What this task involves => Every entry needs to be given again exactly as it reads.

Records provided =>
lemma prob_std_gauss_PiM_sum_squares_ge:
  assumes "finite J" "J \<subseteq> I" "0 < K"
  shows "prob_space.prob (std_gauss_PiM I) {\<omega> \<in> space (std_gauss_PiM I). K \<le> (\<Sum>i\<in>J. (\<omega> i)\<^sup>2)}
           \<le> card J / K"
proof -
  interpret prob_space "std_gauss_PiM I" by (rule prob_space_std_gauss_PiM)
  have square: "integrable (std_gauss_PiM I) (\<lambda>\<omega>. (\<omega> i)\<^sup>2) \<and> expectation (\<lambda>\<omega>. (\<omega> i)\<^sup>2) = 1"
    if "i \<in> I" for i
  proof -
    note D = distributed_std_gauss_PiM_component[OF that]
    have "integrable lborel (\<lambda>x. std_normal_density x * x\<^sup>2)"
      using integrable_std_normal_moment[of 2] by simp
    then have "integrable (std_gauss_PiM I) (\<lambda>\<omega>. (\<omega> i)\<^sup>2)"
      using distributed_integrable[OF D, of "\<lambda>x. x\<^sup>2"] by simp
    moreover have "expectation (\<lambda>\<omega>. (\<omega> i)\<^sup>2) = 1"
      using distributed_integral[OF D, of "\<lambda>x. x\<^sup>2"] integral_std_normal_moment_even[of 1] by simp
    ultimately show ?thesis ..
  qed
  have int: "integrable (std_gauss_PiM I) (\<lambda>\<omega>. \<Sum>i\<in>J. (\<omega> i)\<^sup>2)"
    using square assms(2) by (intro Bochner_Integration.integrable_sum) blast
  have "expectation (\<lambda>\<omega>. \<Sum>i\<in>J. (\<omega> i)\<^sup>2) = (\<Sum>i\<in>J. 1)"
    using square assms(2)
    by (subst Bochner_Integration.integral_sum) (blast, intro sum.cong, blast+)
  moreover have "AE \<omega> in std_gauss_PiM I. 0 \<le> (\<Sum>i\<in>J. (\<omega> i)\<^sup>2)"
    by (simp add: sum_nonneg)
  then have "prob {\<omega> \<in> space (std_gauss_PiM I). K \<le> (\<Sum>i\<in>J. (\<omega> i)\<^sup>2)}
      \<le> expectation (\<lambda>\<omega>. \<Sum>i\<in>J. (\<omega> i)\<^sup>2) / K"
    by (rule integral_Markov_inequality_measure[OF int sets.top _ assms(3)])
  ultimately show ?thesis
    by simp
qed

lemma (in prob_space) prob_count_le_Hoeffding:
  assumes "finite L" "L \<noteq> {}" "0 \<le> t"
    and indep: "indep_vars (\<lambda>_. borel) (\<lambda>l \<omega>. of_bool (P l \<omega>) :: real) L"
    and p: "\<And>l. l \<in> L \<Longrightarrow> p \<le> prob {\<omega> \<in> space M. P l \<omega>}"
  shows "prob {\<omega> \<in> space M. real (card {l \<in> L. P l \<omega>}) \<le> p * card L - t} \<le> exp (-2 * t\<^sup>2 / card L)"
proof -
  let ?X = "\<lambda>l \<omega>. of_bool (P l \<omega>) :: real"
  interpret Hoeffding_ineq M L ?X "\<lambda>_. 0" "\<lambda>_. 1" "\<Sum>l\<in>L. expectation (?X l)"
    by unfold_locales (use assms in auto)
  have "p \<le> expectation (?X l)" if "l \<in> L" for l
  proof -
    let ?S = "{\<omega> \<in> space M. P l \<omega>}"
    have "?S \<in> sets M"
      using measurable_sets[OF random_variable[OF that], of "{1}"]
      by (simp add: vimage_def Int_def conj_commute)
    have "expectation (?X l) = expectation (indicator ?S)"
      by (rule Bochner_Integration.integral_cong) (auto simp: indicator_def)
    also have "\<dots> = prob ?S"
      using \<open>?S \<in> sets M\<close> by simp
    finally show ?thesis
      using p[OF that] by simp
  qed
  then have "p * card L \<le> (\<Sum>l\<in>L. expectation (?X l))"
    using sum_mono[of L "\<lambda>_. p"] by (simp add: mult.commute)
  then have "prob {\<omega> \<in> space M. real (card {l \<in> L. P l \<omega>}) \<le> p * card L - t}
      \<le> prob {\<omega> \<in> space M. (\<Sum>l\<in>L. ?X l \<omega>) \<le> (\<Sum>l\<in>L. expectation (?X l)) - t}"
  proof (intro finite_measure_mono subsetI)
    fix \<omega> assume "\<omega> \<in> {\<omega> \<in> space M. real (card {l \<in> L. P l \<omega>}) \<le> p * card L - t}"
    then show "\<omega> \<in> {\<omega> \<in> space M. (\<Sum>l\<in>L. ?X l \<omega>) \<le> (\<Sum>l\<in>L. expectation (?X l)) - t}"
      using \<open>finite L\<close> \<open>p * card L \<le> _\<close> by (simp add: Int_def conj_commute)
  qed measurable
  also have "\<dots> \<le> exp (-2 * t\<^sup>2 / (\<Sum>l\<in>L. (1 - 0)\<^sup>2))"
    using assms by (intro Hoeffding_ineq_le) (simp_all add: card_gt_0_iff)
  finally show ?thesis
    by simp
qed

Your response =>
lemma prob_std_gauss_PiM_sum_squares_ge:
  assumes "finite J" "J \<subseteq> I" "0 < K"
  shows "prob_space.prob (std_gauss_PiM I) {\<omega> \<in> space (std_gauss_PiM I). K \<le> (\<Sum>i\<in>J. (\<omega> i)\<^sup>2)}
           \<le> card J / K"
proof -
  interpret prob_space "std_gauss_PiM I" by (rule prob_space_std_gauss_PiM)
  have square: "integrable (std_gauss_PiM I) (\<lambda>\<omega>. (\<omega> i)\<^sup>2) \<and> expectation (\<lambda>\<omega>. (\<omega> i)\<^sup>2) = 1"
    if "i \<in> I" for i
  proof -
    note D = distributed_std_gauss_PiM_component[OF that]
    have "integrable lborel (\<lambda>x. std_normal_density x * x\<^sup>2)"
      using integrable_std_normal_moment[of 2] by simp
    then have "integrable (std_gauss_PiM I) (\<lambda>\<omega>. (\<omega> i)\<^sup>2)"
      using distributed_integrable[OF D, of "\<lambda>x. x\<^sup>2"] by simp
    moreover have "expectation (\<lambda>\<omega>. (\<omega> i)\<^sup>2) = 1"
      using distributed_integral[OF D, of "\<lambda>x. x\<^sup>2"] integral_std_normal_moment_even[of 1] by simp
    ultimately show ?thesis ..
  qed
  have int: "integrable (std_gauss_PiM I) (\<lambda>\<omega>. \<Sum>i\<in>J. (\<omega> i)\<^sup>2)"
    using square assms(2) by (intro Bochner_Integration.integrable_sum) blast
  have "expectation (\<lambda>\<omega>. \<Sum>i\<in>J. (\<omega> i)\<^sup>2) = (\<Sum>i\<in>J. 1)"
    using square assms(2)
    by (subst Bochner_Integration.integral_sum) (blast, intro sum.cong, blast+)
  moreover have "AE \<omega> in std_gauss_PiM I. 0 \<le> (\<Sum>i\<in>J. (\<omega> i)\<^sup>2)"
    by (simp add: sum_nonneg)
  then have "prob {\<omega> \<in> space (std_gauss_PiM I). K \<le> (\<Sum>i\<in>J. (\<omega> i)\<^sup>2)}
      \<le> expectation (\<lambda>\<omega>. \<Sum>i\<in>J. (\<omega> i)\<^sup>2) / K"
    by (rule integral_Markov_inequality_measure[OF int sets.top _ assms(3)])
  ultimately show ?thesis
    by simp
qed

lemma (in prob_space) prob_count_le_Hoeffding:
  assumes "finite L" "L \<noteq> {}" "0 \<le> t"
    and indep: "indep_vars (\<lambda>_. borel) (\<lambda>l \<omega>. of_bool (P l \<omega>) :: real) L"
    and p: "\<And>l. l \<in> L \<Longrightarrow> p \<le> prob {\<omega> \<in> space M. P l \<omega>}"
  shows "prob {\<omega> \<in> space M. real (card {l \<in> L. P l \<omega>}) \<le> p * card L - t} \<le> exp (-2 * t\<^sup>2 / card L)"
proof -
  let ?X = "\<lambda>l \<omega>. of_bool (P l \<omega>) :: real"
  interpret Hoeffding_ineq M L ?X "\<lambda>_. 0" "\<lambda>_. 1" "\<Sum>l\<in>L. expectation (?X l)"
    by unfold_locales (use assms in auto)
  have "p \<le> expectation (?X l)" if "l \<in> L" for l
  proof -
    let ?S = "{\<omega> \<in> space M. P l \<omega>}"
    have "?S \<in> sets M"
      using measurable_sets[OF random_variable[OF that], of "{1}"]
      by (simp add: vimage_def Int_def conj_commute)
    have "expectation (?X l) = expectation (indicator ?S)"
      by (rule Bochner_Integration.integral_cong) (auto simp: indicator_def)
    also have "\<dots> = prob ?S"
      using \<open>?S \<in> sets M\<close> by simp
    finally show ?thesis
      using p[OF that] by simp
  qed
  then have "p * card L \<le> (\<Sum>l\<in>L. expectation (?X l))"
    using sum_mono[of L "\<lambda>_. p"] by (simp add: mult.commute)
  then have "prob {\<omega> \<in> space M. real (card {l \<in> L. P l \<omega>}) \<le> p * card L - t}
      \<le> prob {\<omega> \<in> space M. (\<Sum>l\<in>L. ?X l \<omega>) \<le> (\<Sum>l\<in>L. expectation (?X l)) - t}"
  proof (intro finite_measure_mono subsetI)
    fix \<omega> assume "\<omega> \<in> {\<omega> \<in> space M. real (card {l \<in> L. P l \<omega>}) \<le> p * card L - t}"
    then show "\<omega> \<in> {\<omega> \<in> space M. (\<Sum>l\<in>L. ?X l \<omega>) \<le> (\<Sum>l\<in>L. expectation (?X l)) - t}"
      using \<open>finite L\<close> \<open>p * card L \<le> _\<close> by (simp add: Int_def conj_commute)
  qed measurable
  also have "\<dots> \<le> exp (-2 * t\<^sup>2 / (\<Sum>l\<in>L. (1 - 0)\<^sup>2))"
    using assms by (intro Hoeffding_ineq_le) (simp_all add: card_gt_0_iff)
  finally show ?thesis
    by simp
qed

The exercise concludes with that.